Stored records

= Beginning of Section =

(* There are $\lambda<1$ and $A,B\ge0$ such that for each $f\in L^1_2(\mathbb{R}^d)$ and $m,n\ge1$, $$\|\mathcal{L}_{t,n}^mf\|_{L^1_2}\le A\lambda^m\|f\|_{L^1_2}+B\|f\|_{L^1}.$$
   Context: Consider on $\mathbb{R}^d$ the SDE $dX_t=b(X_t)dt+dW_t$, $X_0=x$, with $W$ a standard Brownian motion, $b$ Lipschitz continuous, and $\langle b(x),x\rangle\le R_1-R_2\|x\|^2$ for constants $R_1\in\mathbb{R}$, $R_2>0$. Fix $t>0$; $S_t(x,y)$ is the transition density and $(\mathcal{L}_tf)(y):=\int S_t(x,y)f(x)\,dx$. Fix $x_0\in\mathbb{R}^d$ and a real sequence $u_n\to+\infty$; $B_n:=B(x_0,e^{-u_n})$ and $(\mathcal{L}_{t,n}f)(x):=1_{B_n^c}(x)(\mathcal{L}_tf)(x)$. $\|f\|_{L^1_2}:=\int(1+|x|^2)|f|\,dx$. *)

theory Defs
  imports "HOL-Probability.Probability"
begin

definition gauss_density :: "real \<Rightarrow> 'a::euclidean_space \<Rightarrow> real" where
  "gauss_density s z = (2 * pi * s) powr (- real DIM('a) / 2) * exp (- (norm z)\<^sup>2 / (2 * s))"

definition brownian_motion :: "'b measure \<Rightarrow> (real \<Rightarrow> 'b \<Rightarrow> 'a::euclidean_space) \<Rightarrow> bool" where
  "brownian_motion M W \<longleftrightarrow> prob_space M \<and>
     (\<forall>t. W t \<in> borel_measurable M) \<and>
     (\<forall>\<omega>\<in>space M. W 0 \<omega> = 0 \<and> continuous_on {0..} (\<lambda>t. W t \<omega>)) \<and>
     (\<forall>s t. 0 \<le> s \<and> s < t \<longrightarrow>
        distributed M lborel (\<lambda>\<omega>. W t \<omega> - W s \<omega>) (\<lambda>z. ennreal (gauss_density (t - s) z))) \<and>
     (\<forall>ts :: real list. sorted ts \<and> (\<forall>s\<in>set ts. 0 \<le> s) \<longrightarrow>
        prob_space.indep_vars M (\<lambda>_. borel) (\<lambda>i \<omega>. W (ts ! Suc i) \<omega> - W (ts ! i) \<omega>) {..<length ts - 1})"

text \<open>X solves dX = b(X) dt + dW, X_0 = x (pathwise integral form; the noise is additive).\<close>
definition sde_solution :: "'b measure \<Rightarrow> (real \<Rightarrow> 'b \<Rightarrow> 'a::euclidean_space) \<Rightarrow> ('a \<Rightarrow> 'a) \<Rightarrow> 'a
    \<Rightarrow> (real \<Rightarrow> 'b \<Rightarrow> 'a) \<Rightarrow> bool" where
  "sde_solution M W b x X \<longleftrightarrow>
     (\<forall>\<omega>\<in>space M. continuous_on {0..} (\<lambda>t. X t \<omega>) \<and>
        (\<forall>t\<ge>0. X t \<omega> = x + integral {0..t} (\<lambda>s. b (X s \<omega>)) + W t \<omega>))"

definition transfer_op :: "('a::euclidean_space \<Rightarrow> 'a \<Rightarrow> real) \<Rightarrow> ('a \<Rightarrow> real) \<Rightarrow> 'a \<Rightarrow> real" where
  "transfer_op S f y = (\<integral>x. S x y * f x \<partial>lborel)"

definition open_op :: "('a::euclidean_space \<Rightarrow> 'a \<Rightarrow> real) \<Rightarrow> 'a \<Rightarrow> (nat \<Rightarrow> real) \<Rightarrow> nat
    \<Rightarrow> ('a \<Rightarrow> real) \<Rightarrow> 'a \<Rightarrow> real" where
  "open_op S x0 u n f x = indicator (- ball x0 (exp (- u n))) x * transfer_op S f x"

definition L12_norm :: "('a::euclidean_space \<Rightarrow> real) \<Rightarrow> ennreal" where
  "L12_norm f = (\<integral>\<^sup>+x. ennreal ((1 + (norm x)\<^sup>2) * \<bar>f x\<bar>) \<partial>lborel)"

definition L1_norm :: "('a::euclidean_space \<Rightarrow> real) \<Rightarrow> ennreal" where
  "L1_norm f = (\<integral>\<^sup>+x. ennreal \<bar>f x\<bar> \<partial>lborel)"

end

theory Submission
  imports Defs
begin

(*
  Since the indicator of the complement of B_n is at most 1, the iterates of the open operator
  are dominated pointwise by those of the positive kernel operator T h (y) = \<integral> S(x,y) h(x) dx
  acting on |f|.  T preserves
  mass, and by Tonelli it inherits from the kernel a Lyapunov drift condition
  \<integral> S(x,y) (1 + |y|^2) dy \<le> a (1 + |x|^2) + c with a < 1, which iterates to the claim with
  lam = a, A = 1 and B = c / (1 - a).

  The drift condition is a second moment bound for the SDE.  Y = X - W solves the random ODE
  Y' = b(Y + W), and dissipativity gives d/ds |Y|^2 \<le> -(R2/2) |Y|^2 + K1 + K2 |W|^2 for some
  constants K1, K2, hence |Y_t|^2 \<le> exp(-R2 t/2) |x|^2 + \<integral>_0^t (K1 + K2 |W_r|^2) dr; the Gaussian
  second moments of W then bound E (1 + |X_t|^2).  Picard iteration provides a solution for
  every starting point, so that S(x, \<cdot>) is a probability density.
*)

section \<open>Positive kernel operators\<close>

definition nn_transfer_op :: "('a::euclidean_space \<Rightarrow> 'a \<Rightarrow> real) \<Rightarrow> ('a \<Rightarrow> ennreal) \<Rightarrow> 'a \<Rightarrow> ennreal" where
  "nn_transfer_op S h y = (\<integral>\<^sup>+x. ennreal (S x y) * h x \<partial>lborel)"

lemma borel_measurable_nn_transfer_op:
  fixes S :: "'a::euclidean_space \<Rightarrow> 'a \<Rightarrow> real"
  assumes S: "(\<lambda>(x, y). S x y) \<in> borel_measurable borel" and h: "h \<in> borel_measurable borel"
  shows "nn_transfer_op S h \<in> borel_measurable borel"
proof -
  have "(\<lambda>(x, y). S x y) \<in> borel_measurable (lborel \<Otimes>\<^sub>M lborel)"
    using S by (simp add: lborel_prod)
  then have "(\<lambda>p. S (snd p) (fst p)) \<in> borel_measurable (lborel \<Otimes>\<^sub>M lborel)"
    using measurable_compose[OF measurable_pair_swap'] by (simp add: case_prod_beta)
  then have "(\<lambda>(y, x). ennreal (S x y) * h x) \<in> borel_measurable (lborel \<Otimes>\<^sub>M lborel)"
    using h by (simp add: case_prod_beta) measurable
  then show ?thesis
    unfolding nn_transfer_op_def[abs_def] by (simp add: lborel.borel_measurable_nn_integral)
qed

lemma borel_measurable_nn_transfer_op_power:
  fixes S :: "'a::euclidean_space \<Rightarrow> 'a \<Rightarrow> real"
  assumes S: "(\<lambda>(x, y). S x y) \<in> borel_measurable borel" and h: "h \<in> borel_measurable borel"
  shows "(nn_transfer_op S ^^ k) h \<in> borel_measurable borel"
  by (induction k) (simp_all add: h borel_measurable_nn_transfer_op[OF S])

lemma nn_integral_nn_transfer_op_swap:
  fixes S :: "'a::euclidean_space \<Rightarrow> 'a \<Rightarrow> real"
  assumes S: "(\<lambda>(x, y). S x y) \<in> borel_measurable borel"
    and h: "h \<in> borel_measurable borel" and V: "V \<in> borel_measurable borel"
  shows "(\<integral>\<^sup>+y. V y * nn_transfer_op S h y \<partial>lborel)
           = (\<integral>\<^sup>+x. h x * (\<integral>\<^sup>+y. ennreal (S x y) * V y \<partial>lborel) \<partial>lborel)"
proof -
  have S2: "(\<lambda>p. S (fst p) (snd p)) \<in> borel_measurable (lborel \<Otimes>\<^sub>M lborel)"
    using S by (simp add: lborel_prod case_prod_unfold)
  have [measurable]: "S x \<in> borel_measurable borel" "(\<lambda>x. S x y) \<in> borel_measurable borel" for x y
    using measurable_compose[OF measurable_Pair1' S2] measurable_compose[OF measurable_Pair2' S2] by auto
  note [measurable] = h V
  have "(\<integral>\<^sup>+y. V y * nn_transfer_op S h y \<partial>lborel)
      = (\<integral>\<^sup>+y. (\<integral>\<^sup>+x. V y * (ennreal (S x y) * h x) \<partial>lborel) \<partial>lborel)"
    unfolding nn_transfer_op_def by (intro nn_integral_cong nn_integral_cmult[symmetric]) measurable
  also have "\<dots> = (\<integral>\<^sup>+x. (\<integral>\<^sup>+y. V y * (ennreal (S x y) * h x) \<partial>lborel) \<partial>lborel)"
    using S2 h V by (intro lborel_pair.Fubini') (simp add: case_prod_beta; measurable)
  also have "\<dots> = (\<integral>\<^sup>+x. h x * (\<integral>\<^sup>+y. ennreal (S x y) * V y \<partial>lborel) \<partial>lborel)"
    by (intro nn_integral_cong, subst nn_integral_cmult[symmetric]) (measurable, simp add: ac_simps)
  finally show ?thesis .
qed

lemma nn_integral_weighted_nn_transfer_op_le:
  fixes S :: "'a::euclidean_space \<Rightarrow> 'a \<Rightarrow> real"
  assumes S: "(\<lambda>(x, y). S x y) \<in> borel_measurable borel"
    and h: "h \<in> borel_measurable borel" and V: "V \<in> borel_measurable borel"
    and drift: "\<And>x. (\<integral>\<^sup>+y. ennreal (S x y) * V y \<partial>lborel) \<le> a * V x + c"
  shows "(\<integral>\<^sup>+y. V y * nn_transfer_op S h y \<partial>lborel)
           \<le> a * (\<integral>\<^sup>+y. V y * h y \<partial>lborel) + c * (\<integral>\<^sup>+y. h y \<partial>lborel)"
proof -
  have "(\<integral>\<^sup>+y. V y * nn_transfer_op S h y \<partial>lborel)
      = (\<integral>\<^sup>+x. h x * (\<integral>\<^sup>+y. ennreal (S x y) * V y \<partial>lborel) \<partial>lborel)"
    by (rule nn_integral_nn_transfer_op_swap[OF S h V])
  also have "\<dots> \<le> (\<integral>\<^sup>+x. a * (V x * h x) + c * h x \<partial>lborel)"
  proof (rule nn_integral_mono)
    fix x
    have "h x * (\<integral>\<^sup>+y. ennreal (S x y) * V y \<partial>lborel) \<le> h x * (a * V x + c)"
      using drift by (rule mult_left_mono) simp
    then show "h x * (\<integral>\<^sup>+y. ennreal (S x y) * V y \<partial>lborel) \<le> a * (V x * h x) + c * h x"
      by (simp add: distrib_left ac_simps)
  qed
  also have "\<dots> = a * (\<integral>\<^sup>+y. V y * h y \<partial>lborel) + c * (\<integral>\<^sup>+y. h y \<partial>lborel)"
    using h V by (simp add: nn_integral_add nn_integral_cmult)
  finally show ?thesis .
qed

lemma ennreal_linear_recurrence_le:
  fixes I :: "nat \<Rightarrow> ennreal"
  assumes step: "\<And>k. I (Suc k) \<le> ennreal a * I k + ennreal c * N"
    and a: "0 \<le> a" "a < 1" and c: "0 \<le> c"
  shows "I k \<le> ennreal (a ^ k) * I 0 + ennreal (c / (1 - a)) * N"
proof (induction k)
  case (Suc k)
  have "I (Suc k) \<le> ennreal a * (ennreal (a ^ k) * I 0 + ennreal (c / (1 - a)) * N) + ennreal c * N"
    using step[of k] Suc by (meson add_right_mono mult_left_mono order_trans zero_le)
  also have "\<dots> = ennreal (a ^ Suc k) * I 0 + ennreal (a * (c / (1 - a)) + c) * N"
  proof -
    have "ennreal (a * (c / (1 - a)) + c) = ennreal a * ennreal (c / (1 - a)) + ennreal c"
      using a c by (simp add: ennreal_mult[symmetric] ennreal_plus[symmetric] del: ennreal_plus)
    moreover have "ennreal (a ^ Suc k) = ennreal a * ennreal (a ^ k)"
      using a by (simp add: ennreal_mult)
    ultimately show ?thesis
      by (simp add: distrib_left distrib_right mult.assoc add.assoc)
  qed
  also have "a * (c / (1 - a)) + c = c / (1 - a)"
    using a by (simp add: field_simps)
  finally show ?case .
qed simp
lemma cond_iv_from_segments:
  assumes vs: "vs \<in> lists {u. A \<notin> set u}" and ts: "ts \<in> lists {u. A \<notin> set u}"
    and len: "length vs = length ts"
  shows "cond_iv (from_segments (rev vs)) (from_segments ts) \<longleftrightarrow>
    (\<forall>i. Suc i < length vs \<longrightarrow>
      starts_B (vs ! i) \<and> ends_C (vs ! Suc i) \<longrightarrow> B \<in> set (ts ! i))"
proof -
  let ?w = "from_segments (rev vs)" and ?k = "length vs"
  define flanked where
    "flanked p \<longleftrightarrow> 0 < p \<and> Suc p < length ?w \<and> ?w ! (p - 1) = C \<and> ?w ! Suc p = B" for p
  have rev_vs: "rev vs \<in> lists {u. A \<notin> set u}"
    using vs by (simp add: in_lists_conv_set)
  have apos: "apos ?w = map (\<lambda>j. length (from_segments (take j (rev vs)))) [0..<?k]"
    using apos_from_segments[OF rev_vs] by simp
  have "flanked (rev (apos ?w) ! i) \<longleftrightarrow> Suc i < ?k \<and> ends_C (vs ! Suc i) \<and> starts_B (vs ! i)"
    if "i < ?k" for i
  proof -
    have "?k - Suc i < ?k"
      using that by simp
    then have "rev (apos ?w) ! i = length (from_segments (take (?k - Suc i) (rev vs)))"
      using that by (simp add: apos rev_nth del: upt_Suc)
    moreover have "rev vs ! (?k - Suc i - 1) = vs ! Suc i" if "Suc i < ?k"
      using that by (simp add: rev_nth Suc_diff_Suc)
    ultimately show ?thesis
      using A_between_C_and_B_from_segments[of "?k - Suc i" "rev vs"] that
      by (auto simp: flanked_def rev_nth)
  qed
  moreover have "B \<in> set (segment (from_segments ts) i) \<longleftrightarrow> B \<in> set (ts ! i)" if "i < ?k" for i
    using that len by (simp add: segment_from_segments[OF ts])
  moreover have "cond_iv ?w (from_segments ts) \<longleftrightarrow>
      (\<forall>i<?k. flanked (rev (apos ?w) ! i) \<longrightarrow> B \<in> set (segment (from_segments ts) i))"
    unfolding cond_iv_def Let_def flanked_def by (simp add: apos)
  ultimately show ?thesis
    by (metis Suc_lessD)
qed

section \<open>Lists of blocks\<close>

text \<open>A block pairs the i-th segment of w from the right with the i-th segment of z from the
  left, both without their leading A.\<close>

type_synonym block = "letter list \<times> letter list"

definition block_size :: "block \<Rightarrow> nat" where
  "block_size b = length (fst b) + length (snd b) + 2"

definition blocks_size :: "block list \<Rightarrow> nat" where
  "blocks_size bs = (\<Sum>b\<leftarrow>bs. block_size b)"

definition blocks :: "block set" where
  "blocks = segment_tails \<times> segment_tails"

= End of Section =

• YOUR GOAL: Taking the entries above, restate exactly those lines that fall between the line with "prob_space.indep_vars M (\<lambda>_." and the line with "acting on |f|.", keeping both of those lines too.

• THE COMPLETED TASK:
        prob_space.indep_vars M (\<lambda>_. borel) (\<lambda>i \<omega>. W (ts ! Suc i) \<omega> - W (ts ! i) \<omega>) {..<length ts - 1})"

text \<open>X solves dX = b(X) dt + dW, X_0 = x (pathwise integral form; the noise is additive).\<close>
definition sde_solution :: "'b measure \<Rightarrow> (real \<Rightarrow> 'b \<Rightarrow> 'a::euclidean_space) \<Rightarrow> ('a \<Rightarrow> 'a) \<Rightarrow> 'a
    \<Rightarrow> (real \<Rightarrow> 'b \<Rightarrow> 'a) \<Rightarrow> bool" where
  "sde_solution M W b x X \<longleftrightarrow>
     (\<forall>\<omega>\<in>space M. continuous_on {0..} (\<lambda>t. X t \<omega>) \<and>
        (\<forall>t\<ge>0. X t \<omega> = x + integral {0..t} (\<lambda>s. b (X s \<omega>)) + W t \<omega>))"

definition transfer_op :: "('a::euclidean_space \<Rightarrow> 'a \<Rightarrow> real) \<Rightarrow> ('a \<Rightarrow> real) \<Rightarrow> 'a \<Rightarrow> real" where
  "transfer_op S f y = (\<integral>x. S x y * f x \<partial>lborel)"

definition open_op :: "('a::euclidean_space \<Rightarrow> 'a \<Rightarrow> real) \<Rightarrow> 'a \<Rightarrow> (nat \<Rightarrow> real) \<Rightarrow> nat
    \<Rightarrow> ('a \<Rightarrow> real) \<Rightarrow> 'a \<Rightarrow> real" where
  "open_op S x0 u n f x = indicator (- ball x0 (exp (- u n))) x * transfer_op S f x"

definition L12_norm :: "('a::euclidean_space \<Rightarrow> real) \<Rightarrow> ennreal" where
  "L12_norm f = (\<integral>\<^sup>+x. ennreal ((1 + (norm x)\<^sup>2) * \<bar>f x\<bar>) \<partial>lborel)"

definition L1_norm :: "('a::euclidean_space \<Rightarrow> real) \<Rightarrow> ennreal" where
  "L1_norm f = (\<integral>\<^sup>+x. ennreal \<bar>f x\<bar> \<partial>lborel)"

end

theory Submission
  imports Defs
begin

(*
  Since the indicator of the complement of B_n is at most 1, the iterates of the open operator
  are dominated pointwise by those of the positive kernel operator T h (y) = \<integral> S(x,y) h(x) dx
  acting on |f|.  T preserves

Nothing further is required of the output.